The global action of land forces is now exercised within a strategic reality that has evolved considerably. While the risk of conventional warfare has diminished, not least because of the overwhelming technological superiority of the West, warfare within populations now and for a long time to come constitutes the general framework for commitments. This predominance of the human environment, combined with a threat that no longer has physical borders, necessarily changes the strategic and tactical expectations of military action.

In this type of warfare, the link between strategy and tactics is strengthened because decisive military action is most often conducted by the tactical level at the contact level and therefore able to seize opportunities.

Tactics thus regains its full importance. Faced with an irregular adversary, it is no longer a question of combining means of destruction in a hierarchical fashion, but of giving priority to their decentralised use to support the tactical action of forces on the ground. This logic also applies to technology, which must make available to the tactical levels all the information and means essential for gaining the upper hand.

The maneuver thus extends to the combination not only of coercive means, but also of those acting on the physical and human environment. It confers on military action on land a global capacity to coerce, control and influence in order to achieve a desired end state. This strengthens the link between military tactics and strategy.

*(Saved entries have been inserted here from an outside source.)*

lemma sub_edges_at_cut:
  assumes "e \<in> edges G" "0 < c" "c < len G e" "cut_pts G \<iota> f t e = {c}"
  shows "{\<sigma> \<in> sub_edges G \<iota> f t. sub_left G \<sigma> = Inner e c} = {(e, c, len G e)}"
    and "{\<sigma> \<in> sub_edges G \<iota> f t. sub_right G \<sigma> = Inner e c} = {(e, 0, c)}"
proof -
  have left: "\<sigma> \<in> sub_edges G \<iota> f t \<and> sub_left G \<sigma> = Inner e c \<longleftrightarrow> \<sigma> = (e, c, len G e)"
    and right: "\<sigma> \<in> sub_edges G \<iota> f t \<and> sub_right G \<sigma> = Inner e c \<longleftrightarrow> \<sigma> = (e, 0, c)" for \<sigma>
  proof -
    obtain e' a b where \<sigma>: "\<sigma> = (e', a, b)" by (cases \<sigma>)
    show "\<sigma> \<in> sub_edges G \<iota> f t \<and> sub_left G \<sigma> = Inner e c \<longleftrightarrow> \<sigma> = (e, c, len G e)"
      "\<sigma> \<in> sub_edges G \<iota> f t \<and> sub_right G \<sigma> = Inner e c \<longleftrightarrow> \<sigma> = (e, 0, c)"
      using sub_edges_one_cut[OF assms] gp_Inner[OF assms(2,3)] assms(2,3)
        gp_eq_InnerD[of G e' a e c] gp_eq_InnerD[of G e' b e c]
      unfolding \<sigma> by auto
  qed
  show "{\<sigma> \<in> sub_edges G \<iota> f t. sub_left G \<sigma> = Inner e c} = {(e, c, len G e)}"
    using left by blast
  show "{\<sigma> \<in> sub_edges G \<iota> f t. sub_right G \<sigma> = Inner e c} = {(e, 0, c)}"
    using right by blast
qed

lemma Gt_edges_subset: "Gt_edges G \<iota> f t \<subseteq> sub_edges G \<iota> f t"
  by (auto simp: Gt_edges_def)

On the basis of the new operational conditions, this document sets out the general framework for the use of land forces. Through the presentation of general principles and tactical procedures, it then aims to describe tactical action in order to facilitate understanding and enable operational readiness. It also provides the necessary references to applicable doctrine documents such as unit manuals. Their adaptation to the circumstances is then up to the judgement of the operational leaders.